Législatives 2022 : La réforme des retraites à 60 ans de Mélenchon est-elle « tenable financièrement » ?

FAKE OFF Le ministre du Travail, Olivier Dussopt, a estimé sur RTL qu’il n’était pas possible de promettre une « réforme [des retraites] qui coûterait 50 milliards d’euros », comme le défend la Nouvelle Union populaire écologique et sociale

Emilie Jehanno
— 
Dans le cortège du 1er-Mai 2022, à Toulouse.
Dans le cortège du 1er-Mai 2022, à Toulouse. — FRED SCHEIBER/SIPA
  • Sur RTL, mardi 24 mai, le nouveau ministre du Travail, Olivier Dussopt, a critiqué la proposition de la Nupes d’un retour de l’âge légal de départ à la retraite à 60 ans, expliquant que cette réforme n’était « pas tenable financièrement ».
  • Pour Jean-Marie Harribey, économiste et ancien coprésident d’Attac, cette réforme est possible, mais sous certaines conditions.
  • « Cela va dépendre de la réaction des autres pays financeurs de la dette française », souligne, de son côté, Victor Poirier, directeur des publications de l’Institut Montaigne, un think tank libéral, qui pointe le coût financier de cette réforme.

La réforme des retraites, voilà un des sujets clivant entre l’alliance des gauches et le centre-droit, réuni sous la bannière Ensemble. Les deux coalitions sont au coude-à-coude dans les sondages pour les législatives. Sur RTL, mardi, le nouveau ministre du Travail, Olivier Dussopt, a critiqué la proposition de la Nouvelle Union populaire écologique et sociale (Nupes) d’un retour de l’âge légal de départ à la retraite à 60 ans.

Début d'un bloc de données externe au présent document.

lemma compl_M_set:
  "- (M_set :: (real^'n^'n) set) = {X. \<exists>B. B \<in> {B. orthogonal_matrix B} \<and> (B, X) \<in> degenerate_pairs}"
proof (intro set_eqI iffI)
  fix X :: "real^'n^'n" assume "X \<in> - M_set"
  obtain B lam where eB: "orth_eigenbasis (sym_part X) B lam"
    using spectral_theorem[OF symmetric_sym_part] by blast
  then have "orthogonal_matrix B" and "(B, X) \<in> degenerate_pairs"
    using degenerate_pairs_iff[OF eB] \<open>X \<in> - M_set\<close> by (simp_all add: orth_eigenbasis_def)
  then show "X \<in> {X. \<exists>B. B \<in> {B. orthogonal_matrix B} \<and> (B, X) \<in> degenerate_pairs}"
    by blast
next
  fix X :: "real^'n^'n"
  assume "X \<in> {X. \<exists>B. B \<in> {B. orthogonal_matrix B} \<and> (B, X) \<in> degenerate_pairs}"
  then obtain B where "orthogonal_matrix B" and deg: "(B, X) \<in> degenerate_pairs" by blast
  then have "orth_eigenbasis (sym_part X) B (\<lambda>i. B$i \<bullet> (sym_part X *v B$i))"
    by (simp add: degenerate_pairs_def orth_eigenbasis_def)
  then show "X \<in> - M_set"
    using degenerate_pairs_iff deg by blast
qed

theorem open_M_set: "open (M_set :: (real^'n^'n) set)"
  unfolding open_closed compl_M_set
  by (rule closed_compact_projection[OF compact_orthogonal_matrices closed_degenerate_pairs])
definition inv_form :: "('a::real_algebra_1 \<Rightarrow> 'a \<Rightarrow> real) \<Rightarrow> bool" where
  "inv_form form \<longleftrightarrow> bilinear form \<and> (\<forall>u v. form u v = form v u)
     \<and> (\<forall>u. (\<forall>v. form u v = 0) \<longrightarrow> u = 0)
     \<and> (\<forall>u v w. form (u * v) w = form u (v * w))"

definition dphi :: "('a::real_algebra_1 \<Rightarrow> 'a \<Rightarrow> real) \<Rightarrow> ('a \<Rightarrow> real) \<Rightarrow> 'a \<Rightarrow> 'a" where
  "dphi form f u = u * grad form f u"

definition Ad_invariant :: "('a::real_algebra_1 \<Rightarrow> real) \<Rightarrow> bool" where
  "Ad_invariant f \<longleftrightarrow> (\<forall>h k u. h * k = 1 \<and> k * h = 1 \<longrightarrow> f (h * u * k) = f u)"

section \<open>The direct sum g^n, indexed by 1..n through a bijection ix : {1..n} -> 'n\<close>

definition bform :: "('a \<Rightarrow> 'a \<Rightarrow> real) \<Rightarrow> 'a ^ 'n::finite \<Rightarrow> 'a ^ 'n \<Rightarrow> real" where
  "bform form u v = (\<Sum>k\<in>UNIV. form (u $ k) (v $ k))"

text \<open>Component A_ij of an operator on g^n: (A u)_i = sum_j A_ij (u_j).\<close>
definition cmp :: "(nat \<Rightarrow> 'n::finite) \<Rightarrow> ('a::zero ^ 'n \<Rightarrow> 'a ^ 'n) \<Rightarrow> nat \<Rightarrow> nat \<Rightarrow> 'a \<Rightarrow> 'a" where
  "cmp ix A i j x = A (\<chi> k. if k = ix j then x else 0) $ ix i"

« La retraite à 60 ans sans bouger le nombre d’annuités, ça ne tient pas, explique celui qui devra porter la réforme voulue par Emmanuel Macron reculant l'âge de la retraite à 64 ou 65 ans. Et ça ne tient pas financièrement non plus. On ne peut pas promettre une réforme qui coûterait 50 milliards d’euros. »

Pour lui, les conséquences de cette réforme ne sont pas envisageables : « On ne peut pas promettre aux gens une réforme avec 42 annuités, ça veut dire que tout le monde travaillerait bien au-delà ou alors serait fortement décoté. » Jean-Luc Mélenchon a corrigé dans la foulée sur Twitter une erreur sur la durée de cotisation : « Ça fait vingt-deux mois de campagne qu’on dit 40 annuités. Il fait exprès de pas comprendre ? »

FAKE OFF

Le programme L’Avenir en commun et maintenant celui de la Nupes entendent bien restaurer le départ à la retraite à 60 ans, à taux plein après quarante annuités de cotisation, comme l’a affirmé le leadeur insoumis. Mais, sur le fond, cette réforme est-elle financièrement tenable ?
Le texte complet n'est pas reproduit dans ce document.